For the ICIs, eight cases were on nivolumab, six cases were on pembrolizumab, and only one case was on atezolizumab. The time to diagnosis varied among patients and ranged between 4 and 36 weeks. In all patients, no latent TB testing (LTBT) before immunotherapy was done, and it was not clear whether TB infection is primary or secondary to latent TB reactivation. TB was microbiologically confirmed in all cases and followed by anti-TB drugs initiation. ICIs were maintained in three cases and discontinued or temporarily suspended in the remaining patients.

The time to diagnosis of TB in the current case occurred after six cycles of Pembrolizumab. TB was confirmed microbiologically by PCR and AFB. The patient received her BCG vaccine as part of the local child immunization program. Our case gave a history of sick contact with a patient with active TB infection 10 years ago, but there was no documentation of latent TB or previous TB infection prior to initiation of ICPs. The mixed response noted on 14th July 2019 PET CT (Fig. 4) was not perceived as pseudoprogression-like phenomenon as overt disease progression was confirmed by 26th August 2019 CT chest and abdomen as illustrated (Fig. 8).

ICIs were not resumed in our case and carboplatin plus pemetrexed was initiated instead, as second-line chemotherapy. None of the previously reported cases has used the traditional chemotherapy as a subsequent therapy to immunotherapy; nonetheless, the outcome of TB in patients receiving cytotoxic chemotherapy for malignancies have been reported in two retrospective studies in South Korea and Japan [28, 29]. In both studies, concurrent chemotherapy was found to be effective and safe for treating cancer patients with active MTB.

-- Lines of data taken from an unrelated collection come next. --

text \<open>In \<open>|ch3_contraction i0 x y|\<^sup>2\<close> the cross terms \<open>\<plusminus>2 x\<^sub>i\<^sub>0 y\<^sub>i\<^sub>0 S\<close> cancel, and Cauchy-Schwarz
  \<open>S\<^sup>2 \<le> X Y\<close> for the parts orthogonal to \<open>axis i0 1\<close> gives \<open>|x|\<^sup>2 |y|\<^sup>2\<close> as a bound.\<close>

lemma norm_ch3_contraction_le: "norm (ch3_contraction i0 x y) \<le> norm x * norm y"
proof -
  define S where "S = (\<Sum>j\<in>UNIV - {i0}. x $ j * y $ j)"
  define X where "X = (\<Sum>j\<in>UNIV - {i0}. (x $ j)\<^sup>2)"
  define Y where "Y = (\<Sum>j\<in>UNIV - {i0}. (y $ j)\<^sup>2)"
  have "(\<Sum>j\<in>UNIV - {i0}. (ch3_contraction i0 x y $ j)\<^sup>2)
      = (\<Sum>j\<in>UNIV - {i0}. (y $ i0 * x $ j + x $ i0 * y $ j)\<^sup>2)"
    by (intro sum.cong) (auto simp: ch3_contraction_def power2_eq_square algebra_simps)
  also have "\<dots> = (y $ i0)\<^sup>2 * X + 2 * x $ i0 * y $ i0 * S + (x $ i0)\<^sup>2 * Y"
    by (simp add: X_def Y_def S_def power2_eq_square sum_distrib_left sum.distrib algebra_simps)
  finally have "(norm (ch3_contraction i0 x y))\<^sup>2
      = (x $ i0 * y $ i0 - S)\<^sup>2 + (y $ i0)\<^sup>2 * X + 2 * x $ i0 * y $ i0 * S + (x $ i0)\<^sup>2 * Y"
    by (simp add: norm_power2_eq_component_plus_rest[of _ i0] ch3_contraction_def S_def)
  also have "\<dots> \<le> ((x $ i0)\<^sup>2 + X) * ((y $ i0)\<^sup>2 + Y)"
    using Cauchy_Schwarz_ineq_sum[of "\<lambda>j. x $ j" "\<lambda>j. y $ j" "UNIV - {i0}"]
    by (simp add: S_def X_def Y_def power2_diff algebra_simps)
  also have "\<dots> = (norm x * norm y)\<^sup>2"
    by (simp add: power_mult_distrib norm_power2_eq_component_plus_rest[of _ i0] X_def Y_def)
  finally show ?thesis
    by (rule power2_le_imp_le) simp
qed

lemma trilinear_ch3_tensor_le: "trilinear (ch3_tensor i0) x y z \<le> norm x * norm y * norm z"
proof -
  have "inner z (ch3_contraction i0 x y) \<le> norm z * norm (ch3_contraction i0 x y)"
    by (rule norm_cauchy_schwarz)
  also have "\<dots> \<le> norm z * (norm x * norm y)"
    by (intro mult_left_mono norm_ch3_contraction_le) simp
  finally show ?thesis
    by (simp add: trilinear_ch3_tensor_eq_inner_contraction mult_ac)
qed

lemma norm_tilted_axis:
  assumes "i \<noteq> i0" and "s\<^sup>2 = 1"
  shows "norm (tilted_axis i0 i s) = 1"
proof -
  have "sqrt 3 * sqrt 3 = (3::real)"
    by simp
  with assms have "inner (tilted_axis i0 i s) (tilted_axis i0 i s) = 1"
    by (simp add: inner_tilted_axis tilted_axis_nth power2_eq_square field_simps)
  then show ?thesis
    by (simp add: norm_eq_sqrt_inner)
qed

lemma Ch3_tilted_axis:
  assumes "i \<noteq> i0" and "s\<^sup>2 = 1"
  shows "Ch3 i0 (tilted_axis i0 i s) = 1"
proof -
  have "(\<Sum>j\<in>UNIV - {i0}. (tilted_axis i0 i s $ j)\<^sup>2) = (\<Sum>j\<in>UNIV - {i0}. if j = i then 3 / 4 else 0)"
    using assms by (intro sum.cong) (auto simp: tilted_axis_nth power_mult_distrib power_divide)
  also have "\<dots> = 3 / 4"
    using assms(1) by simp
  finally show ?thesis
    using assms(1) by (simp add: Ch3_def tilted_axis_nth power3_eq_cube)
qed

lemma Ch3_axis: "Ch3 i0 (axis i0 1) = 1"
  by (simp add: Ch3_def axis_def)

lemma ch3_tensor_nonzero: "ch3_tensor i0 \<noteq> 0"
  using cubic_form_ch3_tensor[of i0 "axis i0 1"] Ch3_axis[of i0] by auto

In a recent Meta-analysis including United States cancer patients, the risk of active TB was 41/100,000 [30], however, it is significantly higher in high prevalence areas such as South Korea with 3.07/1000 in patients with cancer [31]. It is worth mentioning that the global prevalence of latent TB infection in 2014 was estimated to be 23.0%, while the estimate for WHO Eastern Mediterranean Region which includes the state of Qatar was 16.3 [13.4–20.5] [32].

In 2012, the incidence of tuberculosis in Qatar was 41/100,000. The majority of infected patients (90%) was non-national males [33]. Whereas, pulmonary tuberculosis represents around 46% of active tuberculosis infection [34].

Conclusion

To our knowledge, this is the first reported case from the Arab and the Middle East region; it reinforces the previous observations of the association between ICIs administration and the development of MTB. Nevertheless, furthers studies in the clinical setting are necessary to establish the exact mechanism involved in this association. Oncologists’ awareness and prompt recognition of this potential hazardous consequence are essential. Since there is no clear evidence whether LTBT prior PD-1/PD targeted immunotherapy is required, targeted LTBT before starting ICIs immunotherapy with TB chemoprophylaxis; yet to be explored, particularly in the regions where the MTB prevalence is high.